- _Problem description_: Go through the data and copy each line that holds "auto".

---*---

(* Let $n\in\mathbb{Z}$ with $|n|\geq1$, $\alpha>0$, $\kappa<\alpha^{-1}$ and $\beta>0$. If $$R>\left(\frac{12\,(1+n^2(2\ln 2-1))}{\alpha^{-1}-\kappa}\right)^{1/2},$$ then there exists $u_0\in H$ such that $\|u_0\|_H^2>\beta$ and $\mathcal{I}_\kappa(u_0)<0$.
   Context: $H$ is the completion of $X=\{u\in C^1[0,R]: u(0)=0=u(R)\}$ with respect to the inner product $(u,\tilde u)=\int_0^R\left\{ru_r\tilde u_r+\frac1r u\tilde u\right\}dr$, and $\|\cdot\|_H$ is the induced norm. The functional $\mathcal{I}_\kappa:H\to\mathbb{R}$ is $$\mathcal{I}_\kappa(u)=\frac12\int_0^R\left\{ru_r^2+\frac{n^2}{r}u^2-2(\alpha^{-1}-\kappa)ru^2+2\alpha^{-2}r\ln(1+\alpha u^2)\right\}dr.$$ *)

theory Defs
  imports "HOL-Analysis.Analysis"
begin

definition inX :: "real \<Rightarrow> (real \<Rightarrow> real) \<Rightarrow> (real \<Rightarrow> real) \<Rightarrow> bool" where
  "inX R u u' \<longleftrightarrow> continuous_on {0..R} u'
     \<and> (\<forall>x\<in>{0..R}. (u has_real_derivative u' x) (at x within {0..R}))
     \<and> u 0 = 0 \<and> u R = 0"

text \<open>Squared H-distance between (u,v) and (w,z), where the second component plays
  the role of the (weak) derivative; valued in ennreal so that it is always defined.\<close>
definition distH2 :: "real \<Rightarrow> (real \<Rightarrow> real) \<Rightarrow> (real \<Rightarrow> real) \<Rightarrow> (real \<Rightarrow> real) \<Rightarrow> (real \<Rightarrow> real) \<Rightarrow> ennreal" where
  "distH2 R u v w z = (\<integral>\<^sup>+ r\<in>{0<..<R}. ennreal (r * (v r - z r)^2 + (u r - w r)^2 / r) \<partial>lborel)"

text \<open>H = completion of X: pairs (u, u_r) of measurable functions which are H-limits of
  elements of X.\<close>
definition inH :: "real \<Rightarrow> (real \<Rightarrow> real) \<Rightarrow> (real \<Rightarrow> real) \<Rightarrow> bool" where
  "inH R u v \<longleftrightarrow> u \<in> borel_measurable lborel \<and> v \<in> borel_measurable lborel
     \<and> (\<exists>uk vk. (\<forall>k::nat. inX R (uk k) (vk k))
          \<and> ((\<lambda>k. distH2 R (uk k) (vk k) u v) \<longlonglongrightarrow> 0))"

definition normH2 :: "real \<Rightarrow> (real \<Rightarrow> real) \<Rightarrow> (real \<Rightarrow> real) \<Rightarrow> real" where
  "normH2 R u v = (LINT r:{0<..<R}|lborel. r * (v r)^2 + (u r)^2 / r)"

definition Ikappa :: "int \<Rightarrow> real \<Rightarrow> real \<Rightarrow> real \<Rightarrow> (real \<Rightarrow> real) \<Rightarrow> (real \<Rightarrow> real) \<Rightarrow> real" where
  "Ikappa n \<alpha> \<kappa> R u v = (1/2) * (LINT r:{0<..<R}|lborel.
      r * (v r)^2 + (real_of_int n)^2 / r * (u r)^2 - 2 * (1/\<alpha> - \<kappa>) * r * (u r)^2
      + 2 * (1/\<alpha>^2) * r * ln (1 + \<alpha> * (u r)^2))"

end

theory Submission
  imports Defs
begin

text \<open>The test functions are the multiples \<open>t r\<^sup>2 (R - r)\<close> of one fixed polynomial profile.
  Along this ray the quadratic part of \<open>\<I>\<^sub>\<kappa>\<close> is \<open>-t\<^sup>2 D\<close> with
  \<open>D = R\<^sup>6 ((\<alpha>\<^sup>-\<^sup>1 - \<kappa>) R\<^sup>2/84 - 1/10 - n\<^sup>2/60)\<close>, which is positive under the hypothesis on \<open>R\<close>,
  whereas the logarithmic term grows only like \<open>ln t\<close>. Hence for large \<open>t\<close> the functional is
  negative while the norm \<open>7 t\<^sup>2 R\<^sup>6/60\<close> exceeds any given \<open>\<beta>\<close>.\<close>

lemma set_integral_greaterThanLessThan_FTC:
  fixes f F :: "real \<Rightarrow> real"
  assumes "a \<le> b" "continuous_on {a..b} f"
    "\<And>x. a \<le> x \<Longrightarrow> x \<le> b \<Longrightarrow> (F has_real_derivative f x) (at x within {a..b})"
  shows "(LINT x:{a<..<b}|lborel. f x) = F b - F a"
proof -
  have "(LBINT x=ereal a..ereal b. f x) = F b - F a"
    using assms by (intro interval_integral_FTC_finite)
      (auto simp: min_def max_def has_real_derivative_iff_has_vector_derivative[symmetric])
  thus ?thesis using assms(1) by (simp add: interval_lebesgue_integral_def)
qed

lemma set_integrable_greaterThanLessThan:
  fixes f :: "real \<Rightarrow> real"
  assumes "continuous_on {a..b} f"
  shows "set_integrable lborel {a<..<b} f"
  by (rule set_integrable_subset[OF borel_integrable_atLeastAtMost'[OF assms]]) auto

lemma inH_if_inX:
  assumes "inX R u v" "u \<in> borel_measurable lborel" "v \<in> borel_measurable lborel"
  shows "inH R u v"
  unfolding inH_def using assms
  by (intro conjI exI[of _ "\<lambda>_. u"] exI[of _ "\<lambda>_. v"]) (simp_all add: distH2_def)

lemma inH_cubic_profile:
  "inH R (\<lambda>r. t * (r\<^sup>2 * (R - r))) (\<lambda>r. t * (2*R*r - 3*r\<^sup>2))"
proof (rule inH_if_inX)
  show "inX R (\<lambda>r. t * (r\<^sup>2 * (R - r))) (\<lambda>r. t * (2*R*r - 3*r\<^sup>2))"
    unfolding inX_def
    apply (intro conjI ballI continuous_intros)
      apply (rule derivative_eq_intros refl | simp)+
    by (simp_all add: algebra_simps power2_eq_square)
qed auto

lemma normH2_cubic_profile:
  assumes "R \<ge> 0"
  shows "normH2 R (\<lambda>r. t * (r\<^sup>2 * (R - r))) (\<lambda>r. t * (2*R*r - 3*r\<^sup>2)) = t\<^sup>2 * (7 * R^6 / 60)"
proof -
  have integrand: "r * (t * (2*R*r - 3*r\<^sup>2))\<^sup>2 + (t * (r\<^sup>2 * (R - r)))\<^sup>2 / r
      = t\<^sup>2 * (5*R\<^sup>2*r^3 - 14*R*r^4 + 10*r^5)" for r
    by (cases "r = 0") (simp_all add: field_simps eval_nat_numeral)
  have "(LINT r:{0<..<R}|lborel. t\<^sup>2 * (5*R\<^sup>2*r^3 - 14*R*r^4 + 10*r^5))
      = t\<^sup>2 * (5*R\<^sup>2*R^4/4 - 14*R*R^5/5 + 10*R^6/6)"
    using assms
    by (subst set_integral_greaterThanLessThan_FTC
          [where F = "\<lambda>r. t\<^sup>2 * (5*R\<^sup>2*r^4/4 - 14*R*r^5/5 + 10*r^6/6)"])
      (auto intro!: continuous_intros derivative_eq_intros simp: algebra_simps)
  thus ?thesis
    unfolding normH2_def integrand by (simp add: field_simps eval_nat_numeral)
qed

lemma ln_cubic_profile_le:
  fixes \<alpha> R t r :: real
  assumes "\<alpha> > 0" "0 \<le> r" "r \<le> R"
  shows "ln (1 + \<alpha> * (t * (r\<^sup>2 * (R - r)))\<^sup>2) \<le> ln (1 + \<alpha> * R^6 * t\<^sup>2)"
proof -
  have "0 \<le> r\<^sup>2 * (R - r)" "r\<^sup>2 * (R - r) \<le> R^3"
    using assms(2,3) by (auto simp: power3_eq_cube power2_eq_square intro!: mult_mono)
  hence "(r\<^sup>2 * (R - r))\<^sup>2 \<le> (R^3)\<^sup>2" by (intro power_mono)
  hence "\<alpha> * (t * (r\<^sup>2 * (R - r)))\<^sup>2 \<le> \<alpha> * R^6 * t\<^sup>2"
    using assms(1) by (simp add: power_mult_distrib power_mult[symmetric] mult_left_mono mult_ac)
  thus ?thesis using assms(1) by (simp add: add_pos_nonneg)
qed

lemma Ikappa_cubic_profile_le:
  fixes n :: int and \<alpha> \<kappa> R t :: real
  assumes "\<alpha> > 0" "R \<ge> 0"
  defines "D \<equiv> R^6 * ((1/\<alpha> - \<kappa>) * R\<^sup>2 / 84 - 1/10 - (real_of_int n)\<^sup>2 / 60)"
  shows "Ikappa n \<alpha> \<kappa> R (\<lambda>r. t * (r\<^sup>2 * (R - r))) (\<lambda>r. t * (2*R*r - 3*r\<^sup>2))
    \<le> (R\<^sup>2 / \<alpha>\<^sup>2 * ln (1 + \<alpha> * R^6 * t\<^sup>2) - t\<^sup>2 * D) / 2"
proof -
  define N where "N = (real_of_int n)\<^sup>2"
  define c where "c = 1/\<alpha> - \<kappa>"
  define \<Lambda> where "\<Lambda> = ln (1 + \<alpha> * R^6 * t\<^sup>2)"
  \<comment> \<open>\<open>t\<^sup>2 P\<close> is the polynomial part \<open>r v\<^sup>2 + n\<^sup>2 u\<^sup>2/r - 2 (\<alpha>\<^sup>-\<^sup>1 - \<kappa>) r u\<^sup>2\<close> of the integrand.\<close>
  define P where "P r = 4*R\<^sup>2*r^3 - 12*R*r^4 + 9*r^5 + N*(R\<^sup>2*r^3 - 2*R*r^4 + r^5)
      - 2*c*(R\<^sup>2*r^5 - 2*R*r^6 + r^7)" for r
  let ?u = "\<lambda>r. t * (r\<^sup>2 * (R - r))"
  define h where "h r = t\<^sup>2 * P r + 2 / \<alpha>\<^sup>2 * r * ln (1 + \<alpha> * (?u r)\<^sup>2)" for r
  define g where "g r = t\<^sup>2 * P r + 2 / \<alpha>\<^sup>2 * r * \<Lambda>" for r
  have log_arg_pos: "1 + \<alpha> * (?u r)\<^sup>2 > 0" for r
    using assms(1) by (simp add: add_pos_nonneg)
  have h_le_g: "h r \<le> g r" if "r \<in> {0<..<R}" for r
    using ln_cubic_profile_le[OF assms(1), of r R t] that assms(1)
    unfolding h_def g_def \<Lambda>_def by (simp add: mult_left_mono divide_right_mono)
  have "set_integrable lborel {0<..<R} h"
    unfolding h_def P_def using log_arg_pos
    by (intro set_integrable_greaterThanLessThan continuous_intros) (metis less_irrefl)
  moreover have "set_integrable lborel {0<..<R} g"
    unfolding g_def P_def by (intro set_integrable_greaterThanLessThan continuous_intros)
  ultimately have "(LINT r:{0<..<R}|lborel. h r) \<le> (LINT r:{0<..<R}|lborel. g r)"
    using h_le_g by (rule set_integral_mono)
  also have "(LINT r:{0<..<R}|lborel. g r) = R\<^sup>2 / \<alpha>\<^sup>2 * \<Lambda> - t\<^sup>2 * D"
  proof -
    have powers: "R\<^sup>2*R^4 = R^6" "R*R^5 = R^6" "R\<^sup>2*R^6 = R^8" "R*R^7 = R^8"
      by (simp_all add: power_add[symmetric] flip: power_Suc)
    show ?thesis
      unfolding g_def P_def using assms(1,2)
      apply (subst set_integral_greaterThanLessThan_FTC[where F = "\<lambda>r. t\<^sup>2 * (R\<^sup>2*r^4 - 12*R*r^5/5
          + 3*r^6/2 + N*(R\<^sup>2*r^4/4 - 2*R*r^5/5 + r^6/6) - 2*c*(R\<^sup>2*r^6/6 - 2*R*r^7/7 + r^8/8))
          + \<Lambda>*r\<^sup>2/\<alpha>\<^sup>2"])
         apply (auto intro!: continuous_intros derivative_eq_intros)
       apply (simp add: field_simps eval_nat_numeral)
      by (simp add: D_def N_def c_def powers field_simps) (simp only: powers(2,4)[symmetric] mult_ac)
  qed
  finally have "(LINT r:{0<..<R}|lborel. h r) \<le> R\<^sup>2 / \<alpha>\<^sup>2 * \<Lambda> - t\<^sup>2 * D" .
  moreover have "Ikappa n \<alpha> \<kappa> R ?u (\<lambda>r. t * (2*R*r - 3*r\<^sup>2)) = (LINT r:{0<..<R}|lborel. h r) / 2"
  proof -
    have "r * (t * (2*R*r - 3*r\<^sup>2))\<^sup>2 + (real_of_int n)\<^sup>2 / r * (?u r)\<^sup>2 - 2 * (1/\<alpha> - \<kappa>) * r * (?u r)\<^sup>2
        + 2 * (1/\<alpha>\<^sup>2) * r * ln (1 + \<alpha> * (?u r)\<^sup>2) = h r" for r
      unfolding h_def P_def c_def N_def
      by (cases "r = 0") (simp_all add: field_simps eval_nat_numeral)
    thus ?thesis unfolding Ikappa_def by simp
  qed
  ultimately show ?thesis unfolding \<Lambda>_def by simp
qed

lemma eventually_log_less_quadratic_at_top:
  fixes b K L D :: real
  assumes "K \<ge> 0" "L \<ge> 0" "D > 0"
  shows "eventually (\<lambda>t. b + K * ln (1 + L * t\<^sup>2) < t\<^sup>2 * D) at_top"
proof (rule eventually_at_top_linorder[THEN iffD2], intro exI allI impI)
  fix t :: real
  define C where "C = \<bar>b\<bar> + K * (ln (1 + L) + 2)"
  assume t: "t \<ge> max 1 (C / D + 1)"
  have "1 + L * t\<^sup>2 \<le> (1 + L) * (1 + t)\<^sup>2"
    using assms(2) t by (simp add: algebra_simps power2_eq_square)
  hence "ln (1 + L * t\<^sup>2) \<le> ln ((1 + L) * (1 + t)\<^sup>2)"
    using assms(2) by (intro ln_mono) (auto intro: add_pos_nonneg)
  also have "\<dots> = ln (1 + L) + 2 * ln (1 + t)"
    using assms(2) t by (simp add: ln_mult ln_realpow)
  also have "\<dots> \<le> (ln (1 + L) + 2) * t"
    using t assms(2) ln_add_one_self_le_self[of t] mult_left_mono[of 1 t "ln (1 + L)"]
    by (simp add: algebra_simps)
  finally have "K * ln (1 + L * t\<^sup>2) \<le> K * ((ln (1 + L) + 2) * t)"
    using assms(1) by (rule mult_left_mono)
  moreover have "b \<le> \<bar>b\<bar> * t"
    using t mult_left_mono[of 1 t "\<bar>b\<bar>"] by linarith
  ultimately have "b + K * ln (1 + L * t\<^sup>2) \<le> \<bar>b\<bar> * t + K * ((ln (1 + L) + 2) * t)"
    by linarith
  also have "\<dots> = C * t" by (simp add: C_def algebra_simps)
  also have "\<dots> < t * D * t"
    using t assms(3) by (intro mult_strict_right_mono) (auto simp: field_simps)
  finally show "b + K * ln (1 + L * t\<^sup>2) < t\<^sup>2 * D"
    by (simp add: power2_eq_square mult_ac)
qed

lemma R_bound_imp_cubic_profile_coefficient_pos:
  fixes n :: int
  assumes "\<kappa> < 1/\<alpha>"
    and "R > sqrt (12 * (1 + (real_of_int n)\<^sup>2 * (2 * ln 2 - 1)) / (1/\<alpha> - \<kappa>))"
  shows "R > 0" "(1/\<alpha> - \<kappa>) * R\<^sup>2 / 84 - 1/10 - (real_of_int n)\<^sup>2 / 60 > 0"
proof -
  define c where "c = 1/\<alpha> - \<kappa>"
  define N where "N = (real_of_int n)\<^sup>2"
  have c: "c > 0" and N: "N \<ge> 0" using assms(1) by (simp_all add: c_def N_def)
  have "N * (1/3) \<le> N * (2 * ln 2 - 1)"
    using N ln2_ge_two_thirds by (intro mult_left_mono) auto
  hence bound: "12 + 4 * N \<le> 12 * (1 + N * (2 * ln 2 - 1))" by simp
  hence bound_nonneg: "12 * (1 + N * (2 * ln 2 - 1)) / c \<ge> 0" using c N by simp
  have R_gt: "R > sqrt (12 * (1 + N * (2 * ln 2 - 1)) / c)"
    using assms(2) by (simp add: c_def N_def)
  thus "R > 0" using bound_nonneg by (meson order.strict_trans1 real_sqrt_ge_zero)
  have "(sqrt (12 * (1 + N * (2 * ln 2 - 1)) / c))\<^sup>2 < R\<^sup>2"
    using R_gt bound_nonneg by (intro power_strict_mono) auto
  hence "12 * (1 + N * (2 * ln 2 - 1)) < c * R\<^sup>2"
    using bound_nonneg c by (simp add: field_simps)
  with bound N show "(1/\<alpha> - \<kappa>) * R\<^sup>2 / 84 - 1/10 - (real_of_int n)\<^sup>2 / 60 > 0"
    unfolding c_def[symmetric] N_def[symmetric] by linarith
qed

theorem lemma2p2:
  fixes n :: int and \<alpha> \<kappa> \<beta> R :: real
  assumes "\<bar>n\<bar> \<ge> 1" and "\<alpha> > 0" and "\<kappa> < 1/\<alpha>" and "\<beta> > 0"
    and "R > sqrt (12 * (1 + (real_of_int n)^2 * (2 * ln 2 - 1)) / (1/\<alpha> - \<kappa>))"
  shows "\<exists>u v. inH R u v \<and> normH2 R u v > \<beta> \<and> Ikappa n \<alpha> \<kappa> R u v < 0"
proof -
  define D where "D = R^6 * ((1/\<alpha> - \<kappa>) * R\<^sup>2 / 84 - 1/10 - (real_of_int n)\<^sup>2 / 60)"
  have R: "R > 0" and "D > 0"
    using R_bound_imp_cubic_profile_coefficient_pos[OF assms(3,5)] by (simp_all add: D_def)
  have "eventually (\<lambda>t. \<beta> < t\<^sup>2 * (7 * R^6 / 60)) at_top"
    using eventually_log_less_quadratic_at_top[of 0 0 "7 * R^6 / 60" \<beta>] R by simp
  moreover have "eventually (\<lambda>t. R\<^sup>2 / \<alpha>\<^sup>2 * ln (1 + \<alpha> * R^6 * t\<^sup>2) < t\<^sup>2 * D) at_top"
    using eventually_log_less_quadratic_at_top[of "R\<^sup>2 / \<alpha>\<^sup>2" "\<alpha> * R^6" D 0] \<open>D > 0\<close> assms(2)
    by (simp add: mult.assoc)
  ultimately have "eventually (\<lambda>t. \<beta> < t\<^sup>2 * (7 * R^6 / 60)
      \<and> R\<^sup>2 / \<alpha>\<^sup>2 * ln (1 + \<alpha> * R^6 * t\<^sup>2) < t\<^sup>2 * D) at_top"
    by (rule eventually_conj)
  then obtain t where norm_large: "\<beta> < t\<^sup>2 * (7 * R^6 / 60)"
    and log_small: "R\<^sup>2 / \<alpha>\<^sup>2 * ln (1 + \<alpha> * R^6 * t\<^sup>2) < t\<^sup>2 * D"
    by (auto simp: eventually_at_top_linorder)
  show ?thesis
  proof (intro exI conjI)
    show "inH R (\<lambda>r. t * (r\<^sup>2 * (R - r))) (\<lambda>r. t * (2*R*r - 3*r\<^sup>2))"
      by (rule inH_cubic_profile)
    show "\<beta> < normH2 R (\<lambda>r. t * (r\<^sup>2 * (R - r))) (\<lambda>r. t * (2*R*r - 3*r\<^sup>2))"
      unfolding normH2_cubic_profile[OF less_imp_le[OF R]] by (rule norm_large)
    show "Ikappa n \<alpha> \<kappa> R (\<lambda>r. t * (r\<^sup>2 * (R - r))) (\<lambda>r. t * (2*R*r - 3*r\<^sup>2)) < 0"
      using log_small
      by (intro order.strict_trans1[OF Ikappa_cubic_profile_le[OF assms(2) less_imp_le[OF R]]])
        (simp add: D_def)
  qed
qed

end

---*---

- _Solved exercise_:
      (auto simp: min_def max_def has_real_derivative_iff_has_vector_derivative[symmetric])
  by (rule set_integrable_subset[OF borel_integrable_atLeastAtMost'[OF assms]]) auto
qed auto
      (auto intro!: continuous_intros derivative_eq_intros simp: algebra_simps)
    using assms(2,3) by (auto simp: power3_eq_cube power2_eq_square intro!: mult_mono)
         apply (auto intro!: continuous_intros derivative_eq_intros)
    using assms(2) by (intro ln_mono) (auto intro: add_pos_nonneg)
    using t assms(3) by (intro mult_strict_right_mono) (auto simp: field_simps)
    using N ln2_ge_two_thirds by (intro mult_left_mono) auto
    using R_gt bound_nonneg by (intro power_strict_mono) auto
    by (auto simp: eventually_at_top_linorder)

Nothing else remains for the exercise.